If all you need is Compute, DNS and/or S3 then exoscale.ch is worth a look. I dare say they are the best cloud service Switzerland currently has to offer. cloudscale.ch is a competitor but they are a very young company.
If you want a straight AWS "cloud" replacement, there aren't many options. OVH and LeaseWeb are the most likely candidates but don't come close to the breadth of offerings.
There's a very large and competitive market for dedicated servers and colocation though and depending on your load, it might be worth a look at switching to dedicated or leased infrastructure.
Owning the hardware is the only way to truly control your destiny as far as I'm concerned.
I would add Digital Ocean as a lower tier, they seem to have provisioning plugins for everything I use (mostly Vagrant) but I roll my own DNS and load balancing. Still US-based unfortunately.
One could always get a bit closer API-wise and go with a self-hosted Openstack cloud. It's a bit more involved than many folks care for, but if 'API-CRUDable VMs, networks, object storage, images' and similar are the goal, the market's pretty thin.
They require some form of government-issued ID so I provided them with a driving licence. I figured it wasn't a bad trade-off for a decent service. Germany seems to value data privacy much more than my own (Irish) government).

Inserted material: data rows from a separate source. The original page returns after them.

(* Let $(N,+,* )$ be a planar nearring with $D(N)\ne\{0\}$. Then the set $K$ of zero multipliers of $N$ is an ideal of $N$.
   Context: A (right) nearring $(N,+,* )$ is a set with a group $(N,+)$, a semigroup $(N,* )$, and right distributivity $(a+b)*c=a*c+b*c$. $N$ is planar if the relation $a\cong b$ ($x*a=x*b$ for all $x$) has at least $3$ classes and for all $a,b,c$ with $a\not\cong b$ the equation $x*a=x*b+c$ has a unique solution. The zero multipliers are the $n\in N$ with $x*n=0$ for all $x\in N$. $D(N)=\{n: n*(a+b)=n*a+n*b\ \forall a,b\}$. A subset $I$ is an ideal if it is a normal subgroup of $(N,+)$ with $i*n\in I$ for all $i\in I,n\in N$ (right ideal), and $n*m-n*(m+i)\in I$ for all $n,m\in N$, $i\in I$ (left ideal). *)

theory Defs
  imports Main
begin

definition nearring :: "('a::group_add \<Rightarrow> 'a \<Rightarrow> 'a) \<Rightarrow> bool" where
  "nearring mult \<longleftrightarrow>
     (\<forall>a b c. mult (mult a b) c = mult a (mult b c)) \<and>
     (\<forall>a b c. mult (a + b) c = mult a c + mult b c)"

definition mult_equiv :: "('a \<Rightarrow> 'a \<Rightarrow> 'a) \<Rightarrow> 'a \<Rightarrow> 'a \<Rightarrow> bool" where
  "mult_equiv mult a b \<longleftrightarrow> (\<forall>x. mult x a = mult x b)"

definition planar :: "('a::group_add \<Rightarrow> 'a \<Rightarrow> 'a) \<Rightarrow> bool" where
  "planar mult \<longleftrightarrow>
     (\<exists>a b c. \<not> mult_equiv mult a b \<and> \<not> mult_equiv mult a c \<and> \<not> mult_equiv mult b c) \<and>
     (\<forall>a b c. \<not> mult_equiv mult a b \<longrightarrow> (\<exists>!x. mult x a = mult x b + c))"

definition zero_multipliers :: "('a::group_add \<Rightarrow> 'a \<Rightarrow> 'a) \<Rightarrow> 'a set" where
  "zero_multipliers mult = {n. \<forall>x. mult x n = 0}"

definition distrib_elems :: "('a::group_add \<Rightarrow> 'a \<Rightarrow> 'a) \<Rightarrow> 'a set" where
  "distrib_elems mult = {n. \<forall>a b. mult n (a + b) = mult n a + mult n b}"

definition normal_subgroup :: "'a::group_add set \<Rightarrow> bool" where
  "normal_subgroup I \<longleftrightarrow>
     0 \<in> I \<and> (\<forall>x\<in>I. \<forall>y\<in>I. x + y \<in> I) \<and> (\<forall>x\<in>I. - x \<in> I) \<and>
     (\<forall>n. \<forall>x\<in>I. n + x - n \<in> I)"

definition nr_ideal :: "('a::group_add \<Rightarrow> 'a \<Rightarrow> 'a) \<Rightarrow> 'a set \<Rightarrow> bool" where
  "nr_ideal mult I \<longleftrightarrow>
     normal_subgroup I \<and>
     (\<forall>i\<in>I. \<forall>n. mult i n \<in> I) \<and>
     (\<forall>n m. \<forall>i\<in>I. mult n m - mult n (m + i) \<in> I)"

end

theory Submission
  imports Defs
begin

text \<open>In a planar nearring, \<open>x \<star> a = x \<star> b\<close> has only the solution \<open>x = 0\<close> unless
\<open>a \<cong> b\<close>, since \<open>0\<close> is always a solution. Applied to the left-constant element
\<open>y \<star> 0\<close> this forces \<open>y \<star> 0 = 0\<close>; it also makes every non-zero-multiplier \<open>y\<close> satisfy \<open>x \<star> y = 0 \<Longrightarrow>
x = 0\<close>, and hence, for any nonzero \<open>d \<in> D(N)\<close>, identifies the zero multipliers with the kernel of
the additive endomorphism \<open>y \<mapsto> d \<star> y\<close>, a normal subgroup. Since \<open>d \<star> (m + i) = d \<star> m\<close> for a
zero multiplier \<open>i\<close>, also \<open>m + i \<cong> m\<close>, which is the left ideal condition.\<close>

lemma normal_subgroup_kernel:
  fixes f :: "'a::group_add \<Rightarrow> 'b::group_add"
  assumes additive: "\<And>a b. f (a + b) = f a + f b"
  shows "normal_subgroup {y. f y = 0}"
proof -
  have "f 0 + f 0 = f 0 + 0"
    using additive[of 0 0] by simp
  then have f0: "f 0 = 0"
    by (rule add_left_imp_eq)
  have f_minus: "f (- a) = - f a" for a
    using additive[of "- a" a] f0 by (simp add: eq_neg_iff_add_eq_0)
  have "f (n + x - n) = f n + f x + - f n" for n x
    by (simp only: diff_conv_add_uminus additive f_minus)
  then show ?thesis
    unfolding normal_subgroup_def using f0 f_minus additive by simp
qed

locale right_nearring =
  fixes mult :: "'a::group_add \<Rightarrow> 'a \<Rightarrow> 'a"  (infixl \<open>\<star>\<close> 70)
  assumes nearring: "nearring mult"
begin

lemma mult_assoc: "a \<star> b \<star> c = a \<star> (b \<star> c)"
  and distrib_right: "(a + b) \<star> c = a \<star> c + b \<star> c"
  using nearring unfolding nearring_def by auto

lemma zero_mult [simp]: "0 \<star> c = 0"
proof -
  have "0 \<star> c + 0 \<star> c = 0 \<star> c + 0"
    using distrib_right[of 0 0 c] by simp
  then show ?thesis
    by (rule add_left_imp_eq)
qed

lemma zero_multipliers_mult_closed:
  assumes "i \<in> zero_multipliers mult"
  shows "i \<star> n \<in> zero_multipliers mult"
  using assms unfolding zero_multipliers_def by (simp add: mult_assoc[symmetric])

end

locale planar_nearring = right_nearring +
  assumes planar: "planar mult"
begin

lemma eq_zero_if_not_mult_equiv:
  assumes "\<not> mult_equiv mult a b" and "x \<star> a = x \<star> b"
  shows "x = 0"
proof -
  have "\<exists>!x. x \<star> a = x \<star> b + 0"
    using planar assms(1) unfolding planar_def by blast
  moreover have "0 \<star> a = 0 \<star> b + 0" by simp
  moreover have "x \<star> a = x \<star> b + 0" using assms(2) by simp
  ultimately show ?thesis by blast
qed

lemma mult_zero [simp]: "y \<star> 0 = 0"
proof -
  obtain a b where "\<not> mult_equiv mult a b"
    using planar unfolding planar_def by blast
  moreover have "(y \<star> 0) \<star> a = (y \<star> 0) \<star> b"
    by (simp add: mult_assoc)
  ultimately show ?thesis
    by (rule eq_zero_if_not_mult_equiv)
qed

lemma zero_multipliers_iff:
  assumes "n \<noteq> 0"
  shows "y \<in> zero_multipliers mult \<longleftrightarrow> n \<star> y = 0"
proof
  assume "n \<star> y = 0"
  show "y \<in> zero_multipliers mult"
  proof (rule ccontr)
    assume "y \<notin> zero_multipliers mult"
    then have "\<not> mult_equiv mult y 0"
      unfolding zero_multipliers_def mult_equiv_def by simp
    moreover have "n \<star> y = n \<star> 0"
      using \<open>n \<star> y = 0\<close> by simp
    ultimately have "n = 0"
      by (rule eq_zero_if_not_mult_equiv)
    with assms show False ..
  qed
qed (simp add: zero_multipliers_def)

lemma mult_equiv_add_zero_multiplier:
  assumes "d \<in> distrib_elems mult" "d \<noteq> 0" "i \<in> zero_multipliers mult"
  shows "mult_equiv mult (m + i) m"
proof -
  have "d \<star> (m + i) = d \<star> m"
    using assms unfolding distrib_elems_def zero_multipliers_def by simp
  show ?thesis
  proof (rule ccontr)
    assume "\<not> mult_equiv mult (m + i) m"
    then have "d = 0"
      using \<open>d \<star> (m + i) = d \<star> m\<close> by (rule eq_zero_if_not_mult_equiv)
    with \<open>d \<noteq> 0\<close> show False ..
  qed
qed

end

theorem mainTheorem5:
  fixes mult :: "'a::group_add \<Rightarrow> 'a \<Rightarrow> 'a"
  assumes "nearring mult"
    and "planar mult"
    and "distrib_elems mult \<noteq> {0}"
  shows "nr_ideal mult (zero_multipliers mult)"
proof -
  interpret planar_nearring mult
    using assms(1,2) by unfold_locales
  have "0 \<in> distrib_elems mult"
    unfolding distrib_elems_def by simp
  with assms(3) obtain d where d: "d \<in> distrib_elems mult" "d \<noteq> 0"
    by blast
  have "zero_multipliers mult = {y. mult d y = 0}"
    using zero_multipliers_iff[OF \<open>d \<noteq> 0\<close>] by blast
  moreover have "normal_subgroup {y. mult d y = 0}"
    using d(1) unfolding distrib_elems_def by (intro normal_subgroup_kernel) simp
  ultimately have "normal_subgroup (zero_multipliers mult)"
    by simp
  moreover have "mult n m - mult n (m + i) \<in> zero_multipliers mult"
    if "i \<in> zero_multipliers mult" for n m i
  proof -
    have "mult n (m + i) = mult n m"
      using mult_equiv_add_zero_multiplier[OF d that] unfolding mult_equiv_def by blast
    then show ?thesis
      unfolding zero_multipliers_def by simp
  qed
  ultimately show ?thesis
    unfolding nr_ideal_def using zero_multipliers_mult_closed by blast
qed

end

In the Netherlands, when businesses ask for such a thing, you are allowed to black out many non-required parts of the scan (this includes the photo), as well as paste a large watermark over the image. The watermark would contain the date and state the purpose of the scanned ID, to prevent re-use for anything else, if it were to be misplaced somehow.
I'm not sure how that works in Germany but I would sooner send a too-much-redacted scan and have them refuse and ask to see more of it, than send an actual complete scan of my ID to anyone but the government that issued it.
Not that governments are so good at not accidentally misplacing data. But it reduces the surface, at least.
Aren't the data centers technically owned by Amazon Ireland for compliance (cough tax) reasons? Amazon clearly state that data never moves out of the region.
This isn't yet decided. Microsoft and the DoJ are still arguing about this in the court system, which so far has ruled that the US government cannot compel Microsoft to release data it holds in Ireland. It's currently waiting for the DoJ to decide whether to take it to the Supreme Court: http://www.politico.com/blogs/under-the-radar/2017/01/micros...
Penalties for the US-based domestic entity to compel compliance of the off-shore entity would fall onto the domestic entity. The off-shore entity ALSO has to comply with whatever local regulatory regime they fall under.
Unlinking the two companies completely might satisfy what you appear to be angling for, but it would be, in essence, a potential competitor to Amazon at that point.
That sounds very dangerous. What would happen if Amazon simply had a 99% share, but 1% was held by another purely Irish company. Amazon might elect the board and the subsidiary might 'lease' intellectual property and capital from the parent company, but I don't see how you could argue it is subject to US law in any way.
Microsoft have gone as far with Azure in Germany to sign an agreement where T-Systems own the data and the systems and Microsoft are simply a contractor supplying a service to them.